What is needed is an exact transcription of the line with "section \<open>Square-integrable functions\<close>" and all the lines that follow it in the entries below; add nothing else.

*** Data ***

(* Let $X_1,\dots,X_n$ be i.i.d. from a distribution $\mathrm{P}$, let $1\le k<n$, and let $s$ be a real-valued permutation-symmetric kernel of $k$ arguments with $\mathbb{E}[s(X_1,\dots,X_k)^2]<\infty$. For each $k$-subset $S\subseteq\{1,\dots,n\}$ write $s(X_S)$ for the kernel evaluated at the observations indexed by $S$. Define $$e_j=\binom{n-1}{k-1}^{-1}\sum_{S\ni j}s(X_S),\qquad s_0=\binom{n}{k}^{-1}\sum_S s(X_S),\qquad \mathrm{ps}\text{-}\mathrm{IJ}_\mathrm{U}=\frac{k^2}{n^2}\sum_{j=1}^n(e_j-s_0)^2 .$$ Then $$\mathbb{E}[\mathrm{ps}\text{-}\mathrm{IJ}_\mathrm{U}]=\sum_{j=1}^k r_j\binom{k}{j}^2\binom{n}{j}^{-1}V_j,\qquad r_j=\left(\frac{n-k}{n}\right)^2\frac{j}{1-j/n}.$$
   Context: Hoeffding (H-)decomposition: let $\theta=\mathbb{E}[s(X_1,\dots,X_k)]$ and for $c=1,\dots,k$ let $s_c(x_1,\dots,x_c)=\mathbb{E}[s(x_1,\dots,x_c,X_{c+1},\dots,X_k)]-\theta$. Define recursively $s^1=s_1$ and $s^c(x_1,\dots,x_c)=s_c(x_1,\dots,x_c)-\sum_{\emptyset\ne A\subsetneq\{1,\dots,c\}}s^{|A|}(x_A)$. Set $V_j=\mathrm{Var}(s^j(X_1,\dots,X_j))$. (For reference, the U-statistic $s_0$ has variance $\sum_{j=1}^k\binom{k}{j}^2\binom{n}{j}^{-1}V_j$.) *)

theory Defs
  imports "HOL-Probability.Probability"
begin

text \<open>A kernel of k arguments is a function on lists (of length k).
  P is the common distribution of the observations.\<close>

definition kernel_mean :: "('b list \<Rightarrow> real) \<Rightarrow> 'b measure \<Rightarrow> nat \<Rightarrow> real" where
  "kernel_mean s P k = (\<integral>y. s (map y [0..<k]) \<partial>(PiM {..<k} (\<lambda>_. P)))"

definition hsc :: "('b list \<Rightarrow> real) \<Rightarrow> 'b measure \<Rightarrow> nat \<Rightarrow> 'b list \<Rightarrow> real" where
  "hsc s P k xs =
     (\<integral>y. s (xs @ map y [0..<k - length xs]) \<partial>(PiM {..<k - length xs} (\<lambda>_. P)))
     - kernel_mean s P k"

lemma hterm_term_aux:
  assumes "A \<subseteq> {..<length xs}" "A \<noteq> {..<length xs}"
  shows "length (nths xs A) < length xs"
proof -
  have "{i. i < length xs \<and> i \<in> A} = A" using assms(1) by auto
  moreover have "card A < card {..<length xs}"
    using assms by (meson finite_lessThan psubsetI psubset_card_mono)
  ultimately show ?thesis by (simp add: length_nths)
qed

function hterm :: "('b list \<Rightarrow> real) \<Rightarrow> 'b measure \<Rightarrow> nat \<Rightarrow> 'b list \<Rightarrow> real" where
  "hterm s P k xs = hsc s P k xs -
     (\<Sum>A\<in>{A. A \<subseteq> {..<length xs} \<and> A \<noteq> {} \<and> A \<noteq> {..<length xs}}.
        hterm s P k (nths xs A))"
  by auto
termination
  by (relation "Wellfounded.measure (\<lambda>(s, P, k, xs). length xs)") (auto intro: hterm_term_aux)

declare hterm.simps[simp del]

definition hvar :: "('b list \<Rightarrow> real) \<Rightarrow> 'b measure \<Rightarrow> nat \<Rightarrow> nat \<Rightarrow> real" where
  "hvar s P k j =
     (\<integral>y. (hterm s P k (map y [0..<j])
            - (\<integral>z. hterm s P k (map z [0..<j]) \<partial>(PiM {..<j} (\<lambda>_. P))))\<^sup>2
        \<partial>(PiM {..<j} (\<lambda>_. P)))"

text \<open>s(X_S) for a finite index set S (symmetry makes the order irrelevant).\<close>
definition kernel_at :: "('b list \<Rightarrow> real) \<Rightarrow> (nat \<Rightarrow> 'a \<Rightarrow> 'b) \<Rightarrow> nat set \<Rightarrow> 'a \<Rightarrow> real" where
  "kernel_at s X S \<omega> = s (map (\<lambda>i. X i \<omega>) (sorted_list_of_set S))"

definition e_stat :: "('b list \<Rightarrow> real) \<Rightarrow> (nat \<Rightarrow> 'a \<Rightarrow> 'b) \<Rightarrow> nat \<Rightarrow> nat \<Rightarrow> nat \<Rightarrow> 'a \<Rightarrow> real" where
  "e_stat s X n k j \<omega> = (1 / real ((n - 1) choose (k - 1))) *
     (\<Sum>S\<in>{S. S \<subseteq> {1..n} \<and> card S = k \<and> j \<in> S}. kernel_at s X S \<omega>)"

definition s0_stat :: "('b list \<Rightarrow> real) \<Rightarrow> (nat \<Rightarrow> 'a \<Rightarrow> 'b) \<Rightarrow> nat \<Rightarrow> nat \<Rightarrow> 'a \<Rightarrow> real" where
  "s0_stat s X n k \<omega> = (1 / real (n choose k)) *
     (\<Sum>S\<in>{S. S \<subseteq> {1..n} \<and> card S = k}. kernel_at s X S \<omega>)"

definition psIJ_U :: "('b list \<Rightarrow> real) \<Rightarrow> (nat \<Rightarrow> 'a \<Rightarrow> 'b) \<Rightarrow> nat \<Rightarrow> nat \<Rightarrow> 'a \<Rightarrow> real" where
  "psIJ_U s X n k \<omega> = (real k ^ 2 / real n ^ 2) *
     (\<Sum>j=1..n. (e_stat s X n k j \<omega> - s0_stat s X n k \<omega>)\<^sup>2)"

end

theory Submission
  imports Defs
begin

text \<open>
  Work on the product space \<open>P\<^bsup>{1..n}\<^esup>\<close>, which by independence is the joint law of
  \<open>X\<^sub>1, \<dots>, X\<^sub>n\<close>, and write \<open>H\<^sub>T\<close> for \<open>s\<^bsup>|T|\<^esup>\<close> evaluated at the coordinates in \<open>T\<close>.
  The recursive definition of the Hoeffding terms says exactly that
  \<open>s(X\<^sub>S) = \<theta> + \<Sum>\<^bsub>\<emptyset> \<noteq> A \<subseteq> S\<^esub> H\<^sub>A\<close>, so \<open>e\<^sub>j - s\<^sub>0 = \<Sum>\<^sub>T c\<^sub>j(T) H\<^sub>T\<close> with coefficients
  that count the \<open>k\<close>-subsets containing \<open>T\<close> (and \<open>j\<close>).

  The \<open>H\<^sub>T\<close> are orthogonal with \<open>E[H\<^sub>T\<^sup>2] = V\<^bsub>|T|\<^esub>\<close>: by symmetry of \<open>s\<close>, integrating
  \<open>s\<^bsub>|T|\<^esub>(X\<^sub>T)\<close> over the coordinates outside \<open>J\<close> gives \<open>s\<^bsub>|T \<inter> J|\<^esub>(X\<^bsub>T \<inter> J\<^esub>)\<close>, and
  an induction on \<open>|T|\<close> turns this into \<open>E[H\<^sub>T g] = 0\<close> for every \<open>g\<close> not depending on some
  coordinate of \<open>T\<close>. Hence \<open>E[ps-IJ\<^sub>U] = k\<^sup>2/n\<^sup>2 \<Sum>\<^sub>T V\<^bsub>|T|\<^esub> \<Sum>\<^sub>j c\<^sub>j(T)\<^sup>2\<close>; the inner sum depends
  only on \<open>|T|\<close>, and counting the \<open>T\<close> of each size turns the weights into \<open>r\<^sub>j\<close>.
\<close>

section \<open>Square-integrable functions\<close>

definition square_integrable :: "'a measure \<Rightarrow> ('a \<Rightarrow> real) \<Rightarrow> bool" where
  "square_integrable M f \<longleftrightarrow> f \<in> borel_measurable M \<and> integrable M (\<lambda>x. (f x)\<^sup>2)"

*** End of Data ***

- _Problem solution_
section \<open>Square-integrable functions\<close>

definition square_integrable :: "'a measure \<Rightarrow> ('a \<Rightarrow> real) \<Rightarrow> bool" where
  "square_integrable M f \<longleftrightarrow> f \<in> borel_measurable M \<and> integrable M (\<lambda>x. (f x)\<^sup>2)"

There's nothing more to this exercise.